The observational cohort as a nonrandomized “trial”

The NHS cohort was established in 1976 and comprised 121,700 female registered nurses from 11 U.S. states, aged 30 to 55 years. Participants have received biennial questionnaires to update information on use, duration (1–4, 5–9, 10–14, 15–19, 20–24 months), and type of hormone therapy during the two-year interval. Common use of oral estrogen plus progestin therapy among NHS participants began in the period between the 1982 and the 1984 questionnaires. The questionnaires also record information on potential risk factors for and occurrence of major medical events, including CHD (nonfatal myocardial infarction or fatal coronary disease). The process for confirming CHD endpoints has been described in detail elsewhere.^{4}

We mimicked the WHI trial by restricting the study population to postmenopausal women who in the 1982 questionnaire had reported no use of any hormone therapy during the prior 2-year period (“washout” period), and in the 1984 questionnaire reported either use of oral estrogen plus progestin therapy (“initiators”) or no use of any hormone therapy (“noninitiators”) during the prior 2-year period. Thus, as in the WHI, the “initiator” group includes both first-time users of hormone therapy and re-initiators (who stopped hormone therapy in 1980 or earlier and then re-initiated use in the period 1982–1984).

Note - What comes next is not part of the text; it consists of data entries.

text \<open>In the spatial block, \<open>X I - (I + i Y) = i ((i - i X) I - Y)\<close>.\<close>

lemma char_poly_c_In_plus_iA_block_diag:
  fixes Y :: "real^'n::finite^'n"
  shows "char_poly_c (In_plus_iA (block_diag a Y))
     = [:-(\<i> * of_real a), 1:] * ([:\<i>:] ^ CARD('n) * pcompose (char_poly_c (cmat Y)) [:\<i>, -\<i>:])"
proof -
  define CM where "CM = (\<chi> i j. (if i = j then [:0, 1:] else 0) - [:In_plus_iA (block_diag a Y) $ i $ j:])"
  define CY where "CY = (\<chi> i j. (if i = j then [:0, 1:] else 0) - [:cmat Y $ i $ j:])"
  have CM_None: "CM $ None $ k = 0" if "k \<noteq> None" for k
    using that by (auto simp: CM_def In_plus_iA_def In_mat_def)
  have CM_Some: "CM $ Some i $ Some j = [:\<i>:] * pcompose (CY $ i $ j) [:\<i>, -\<i>:]" for i j
  proof -
    have "poly (CM $ Some i $ Some j) t = poly ([:\<i>:] * pcompose (CY $ i $ j) [:\<i>, -\<i>:]) t" for t
      by (simp add: CM_def CY_def In_plus_iA_def In_mat_def cmat_def poly_pcompose algebra_simps)
    then show ?thesis
      using poly_eq_poly_eq_iff by blast
  qed
  have "char_poly_c (In_plus_iA (block_diag a Y)) = CM $ None $ None * det (\<chi> i j. CM $ Some i $ Some j)"
    unfolding char_poly_c_def CM_def[symmetric] by (rule det_option_first_row) (rule CM_None)
  also have "CM $ None $ None = [:-(\<i> * of_real a), 1:]"
    by (simp add: CM_def In_plus_iA_def In_mat_def)
  also have "(\<chi> i j. CM $ Some i $ Some j)
      = (\<chi> i j. [:\<i>:] * (\<chi> i j. pcompose (CY $ i $ j) [:\<i>, -\<i>:]) $ i $ j)"
    by (simp only: CM_Some vec_lambda_beta)
  also have "det \<dots> = [:\<i>:] ^ CARD('n) * pcompose (det CY) [:\<i>, -\<i>:]"
    unfolding det_scale_entries pcompose_det ..
  finally show ?thesis
    by (simp add: CY_def char_poly_c_def)
qed

lemma eigvals_c_In_plus_iA_block_diag:
  fixes Y :: "real^'n::finite^'n"
  assumes "Y \<in> Sym"
  shows "eigvals_c (In_plus_iA (block_diag a Y))
    = add_mset (\<i> * of_real a) (image_mset (\<lambda>w. 1 + \<i> * w) (eigvals_c (cmat Y)))"
proof -
  have nonzero: "pcompose (char_poly_c (cmat Y)) [:\<i>, -\<i>:] \<noteq> 0"
    using char_poly_c_nonzero_Sym[OF assms] by (simp add: pcompose_eq_0_iff)
  have linear_nonzero: "[:-(\<i> * of_real a), 1:] \<noteq> 0"
    and power_nonzero: "[:\<i>:] ^ CARD('n) \<noteq> (0 :: complex poly)"
    by simp_all
  then have product_nonzero: "[:\<i>:] ^ CARD('n) * pcompose (char_poly_c (cmat Y)) [:\<i>, -\<i>:] \<noteq> 0"
    using nonzero by simp
  have shift: "proots (pcompose p [:\<i>, -\<i>:]) = image_mset (\<lambda>w. 1 + \<i> * w) (proots p)" for p
  proof -
    have "(w - \<i>) / - \<i> = 1 + \<i> * w" for w
      by (simp add: field_simps)
    then show ?thesis
      using proots_pcompose_linear[of "- \<i>" p \<i>] by (simp add: add.commute)
  qed
  show ?thesis
    unfolding eigvals_c_def char_poly_c_In_plus_iA_block_diag
      proots_mult[OF linear_nonzero product_nonzero] proots_mult[OF power_nonzero nonzero] shift
    by (simp add: proots_power)
qed

lemma Theta_tilde_block_diag:
  assumes "a > 0" and "Y \<in> Sym"
  shows "Theta_tilde (block_diag a Y) = pi / 2 + tr_arctan Y"
proof -
  have "block_diag a Y $ None $ None \<noteq> 0"
    using assms(1) by simp
  then have "block_diag a Y \<notin> S_set"
    unfolding S_set_def by blast
  then have "Theta_tilde (block_diag a Y)
      = Arg (\<i> * of_real a) + (\<Sum>w\<in>#eigvals_c (cmat Y). Arg (1 + \<i> * w))"
    by (simp add: Theta_tilde_def In_plus_iA_def[symmetric] eigvals_c_In_plus_iA_block_diag[OF assms(2)]
        multiset.map_comp o_def)
  also have "Arg (\<i> * of_real a) = pi / 2"
    using assms(1) Arg_cis[of "pi / 2"] by simp
  also have "image_mset (\<lambda>w. Arg (1 + \<i> * w)) (eigvals_c (cmat Y))
           = image_mset (\<lambda>w. arctan (Re w)) (eigvals_c (cmat Y))"
  proof (rule image_mset_cong)
    fix w assume "w \<in># eigvals_c (cmat Y)"
    then have "Im w = 0"
      using char_poly_c_nonzero_Sym[OF assms(2)] Sym_char_poly_root_real[OF assms(2)]
      by (simp add: eigvals_c_def)
    then have "1 + \<i> * w = 1 + \<i> * of_real (Re w)"
      by (simp add: complex_eq_iff)
    moreover have "Arg (1 + \<i> * of_real (Re w)) = arctan (Re w)"
      by (simp add: arg_conv_arctan)
    ultimately show "Arg (1 + \<i> * w) = arctan (Re w)"
      by simp
  qed
  finally show ?thesis
    by (simp add: tr_arctan_def)
qed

Women were followed from the start of follow-up to diagnosis of CHD, death, loss to follow-up, or June 2000, whichever occurred first. Unlike in the randomized WHI and the observational General Practice Research Database, the time of therapy initiation - and thus the time of start of follow-up for initiators – was not known with precision in the NHS, and so we needed to estimate it. For women who reported hormone therapy initiation during the 2-year period before the 1984 questionnaire and were still using it at the time they completed this questionnaire, the start of follow-up was estimated as the month of return of the baseline questionnaire minus the duration of hormone therapy use. (Duration is reported as an interval, e.g., 20–24 months; we used the upper limit of the interval, e.g., 24 months). For women who reported starting hormone therapy during the same two-year period but had stopped using it by the time they returned the 1984 questionnaire, the start of follow-up was estimated as the first month of the two-year period (the earliest possible month of initiation). The start of follow-up for noninitiators was estimated as the average month of start of follow-up among initiators (stratified by age and past use of hormone therapy). Alternative methods to estimate the start of follow-up had little effect on our estimates (see

appendix A1).

To further mimic the WHI, we restricted the study population to women who, before the start of follow-up, had a uterus, no past diagnosis of cancer (except nonmelanoma skin cancer) or acute myocardial infarction, and no diagnosis of stroke since the return of the previous questionnaire. To enable adjustment for dietary factors, we restricted the population to women who had reported plausible energy intakes (2,510–14,640 kJ/d) and had left fewer than 10 of 61 food items blank on the most recent food frequency questionnaire before the 1984 questionnaire.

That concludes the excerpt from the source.